XHEX-FM
- Culiacán, Sinaloa; Mexico;
- Frequency: 88.7 MHz
- Branding: Radio Fórmula

Programming
- Format: News/talk

Ownership
- Owner: Grupo Fórmula; (Transmisora Regional Radio Fórmula, S.A. de C.V.);

History
- First air date: May 2, 1963 (concession)

Technical information
- Licensing authority: CRT
- Class: B1
- ERP: 25 kW
- HAAT: 66.64 m (218.6 ft)
- Transmitter coordinates: 24°48′53″N 107°27′22″W﻿ / ﻿24.81472°N 107.45611°W

Links
- Webcast: Listen live
- Website: radioformulaculiacan.com

= XHEX-FM =

Radio station in Culiacán, Sinaloa, Mexico

XHEX-FM is a radio station on 88.7 FM in Culiacán, Sinaloa, Mexico.
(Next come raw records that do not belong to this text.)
(* Let $r\geq 1$. Suppose that $S_N$ admits the weak global Edgeworth expansion of order $r$ for all $f\in F^1_0$, with asymptotic mean $A=0$ and leading polynomial $P_{0,g}\equiv 1$: there are polynomials $P_{1,g},\dots,P_{r,g}$ with $\mathbb{E}(f(S_N))=\sum_{p=0}^r N^{-p/2}\int P_{p,g}(z)\mathfrak{n}(z)f(z\sqrt{N})\,dz+C^1_0(f)\,o(N^{-(r+1)/2})$ for all $f\in F^1_0$, the $o$-term independent of $f$. Let $(\epsilon_N)$ be positive reals with $\epsilon_N\to0$ and $\epsilon_N N^{r/2}\to\infty$. Then $$\frac{\sqrt{N}}{2\epsilon_N}\,\mathbb{P}\big(S_N\in(u-\epsilon_N,u+\epsilon_N)\big)=\frac{1}{\sqrt{2\pi\sigma^2}}e^{-\frac{u^2}{2N\sigma^2}}+o(1)$$ uniformly in $u\in\mathbb{R}$.
   Context: $X_1,X_2,\dots$ are real random variables, $S_N=\sum_{n=1}^N X_n$, $\sigma^2>0$, $\mathfrak{n}(y)=\frac{1}{\sqrt{2\pi\sigma^2}}e^{-y^2/(2\sigma^2)}$. $F^1_0$ is the space of continuously differentiable $f:\mathbb{R}\to\mathbb{C}$ with $C^1_0(f)=\max(\|f\|_{L^1},\|f'\|_{L^1})+\|f\|_{L^1}<\infty$. The asymptotic mean $A=\lim_N\mathbb{E}(S_N/N)$ is assumed to be $0$. *)

theory Defs
  imports "HOL-Probability.Probability" "HOL-Computational_Algebra.Polynomial"
begin

definition gauss_dens :: "real \<Rightarrow> real \<Rightarrow> real" where
  "gauss_dens sigma2 y = 1 / sqrt (2 * pi * sigma2) * exp (- (y^2) / (2 * sigma2))"

definition F10 :: "(real \<Rightarrow> complex) \<Rightarrow> bool" where
  "F10 f \<longleftrightarrow> (\<exists>f'. (\<forall>x. (f has_vector_derivative f' x) (at x))
      \<and> continuous_on UNIV f' \<and> integrable lborel f \<and> integrable lborel f')"

definition C10 :: "(real \<Rightarrow> complex) \<Rightarrow> real" where
  "C10 f = max (LINT x|lborel. norm (f x)) (LINT x|lborel. norm (vector_derivative f (at x)))
           + (LINT x|lborel. norm (f x))"

end

theory Submission
  imports Defs
begin

text \<open>Sandwich the indicator of the window (u - eps, u + eps) between two C^1 trapezoids
  whose ramps have width delta * eps. Their C^1_0 norms are O(1 / delta), so the Edgeworth
  expansion determines their expectations up to o(eps / sqrt N), because eps N^(r/2) tends to
  infinity.
  In the expansion the terms with p \<ge> 1 contribute O(eps / N), and by the Lipschitz continuity of
  the Gaussian density n the leading term is 2 eps n(u / sqrt N) / sqrt N up to a relative error
  O(delta) from the area of the trapezoid plus O(1 / sqrt N). None of these bounds depends on u,
  and delta can be taken arbitrarily small.\<close>

section \<open>A C^1 step function\<close>

definition unit_clamp :: "real \<Rightarrow> real" where
  "unit_clamp t = max 0 (min 1 t)"

definition smoothstep :: "real \<Rightarrow> real" where
  "smoothstep t = 3 * (unit_clamp t)^2 - 2 * (unit_clamp t)^3"

definition smoothstep' :: "real \<Rightarrow> real" where
  "smoothstep' t = 6 * unit_clamp t * (1 - unit_clamp t)"

lemma continuous_on_unit_clamp: "continuous_on UNIV unit_clamp"
  unfolding unit_clamp_def by (intro continuous_intros)

lemma continuous_on_smoothstep: "continuous_on UNIV smoothstep"
  unfolding smoothstep_def
  by (intro continuous_intros continuous_on_unit_clamp[THEN continuous_on_subset]) auto

lemma continuous_on_smoothstep': "continuous_on UNIV smoothstep'"
  unfolding smoothstep'_def
  by (intro continuous_intros continuous_on_unit_clamp[THEN continuous_on_subset]) auto

lemma smoothstep_bounds: "0 \<le> smoothstep t" "smoothstep t \<le> 1"
proof -
  have m: "0 \<le> unit_clamp t" "unit_clamp t \<le> 1" by (auto simp: unit_clamp_def)
  have "smoothstep t = (unit_clamp t)^2 * (3 - 2 * unit_clamp t)"
    unfolding smoothstep_def by (simp add: power2_eq_square power3_eq_cube algebra_simps)
  then show "0 \<le> smoothstep t" using m by simp
  have "(1 - unit_clamp t)^2 * (1 + 2 * unit_clamp t) \<ge> 0" using m by simp
  then show "smoothstep t \<le> 1"
    unfolding smoothstep_def by (simp add: algebra_simps power2_eq_square power3_eq_cube)
qed

lemma smoothstep'_bounds: "0 \<le> smoothstep' t" "smoothstep' t \<le> 3/2"
proof -
  have m: "0 \<le> unit_clamp t" "unit_clamp t \<le> 1" by (auto simp: unit_clamp_def)
  show "0 \<le> smoothstep' t" unfolding smoothstep'_def using m by simp
  have "(2 * unit_clamp t - 1)^2 \<ge> 0" by simp
  then show "smoothstep' t \<le> 3/2"
    unfolding smoothstep'_def by (simp add: algebra_simps power2_eq_square)
qed

lemma smoothstep_nonpos: "t \<le> 0 \<Longrightarrow> smoothstep t = 0 \<and> smoothstep' t = 0"
  by (simp add: smoothstep_def smoothstep'_def unit_clamp_def)

lemma smoothstep_ge_one: "t \<ge> 1 \<Longrightarrow> smoothstep t = 1 \<and> smoothstep' t = 0"
  by (simp add: smoothstep_def smoothstep'_def unit_clamp_def)

lemma smoothstep_unit_interval:
  "0 < t \<Longrightarrow> t < 1 \<Longrightarrow> smoothstep t = 3 * t^2 - 2 * t^3 \<and> smoothstep' t = 6 * t - 6 * t^2"
  by (simp add: smoothstep_def smoothstep'_def unit_clamp_def power2_eq_square algebra_simps)

lemma smoothstep_le_square: "smoothstep t \<le> 3 * t^2"
proof (cases "0 < t \<and> t < 1")
  case True
  then have "smoothstep t = t^2 * (3 - 2 * t)"
    using smoothstep_unit_interval[of t] by (simp add: power2_eq_square power3_eq_cube algebra_simps)
  then show ?thesis using True by (simp add: mult_left_mono)
next
  case False
  then consider "t \<le> 0" | "1 \<le> t" by fastforce
  then show ?thesis
  proof cases
    case 2
    then have "1 \<le> t^2" by (simp add: one_le_power)
    then show ?thesis using 2 smoothstep_ge_one[of t] by linarith
  qed (simp add: smoothstep_nonpos)
qed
It is owned by Radio Fórmula and carries its news and talk programming.

==History==
XEEX-AM received its concession on May 2, 1963. It was owned by Martín Larios León and operated with 250 watts on 1400 kHz from facilities in El Dorado. By the 1980s, XEEX had moved to Culiacán proper and ramped up power to 1,000 watts. It was sold to Radio XEEX in 1993—during which time it moved to 1230 kHz—and to Fórmula in 2000. The station also migrated to FM in 2010.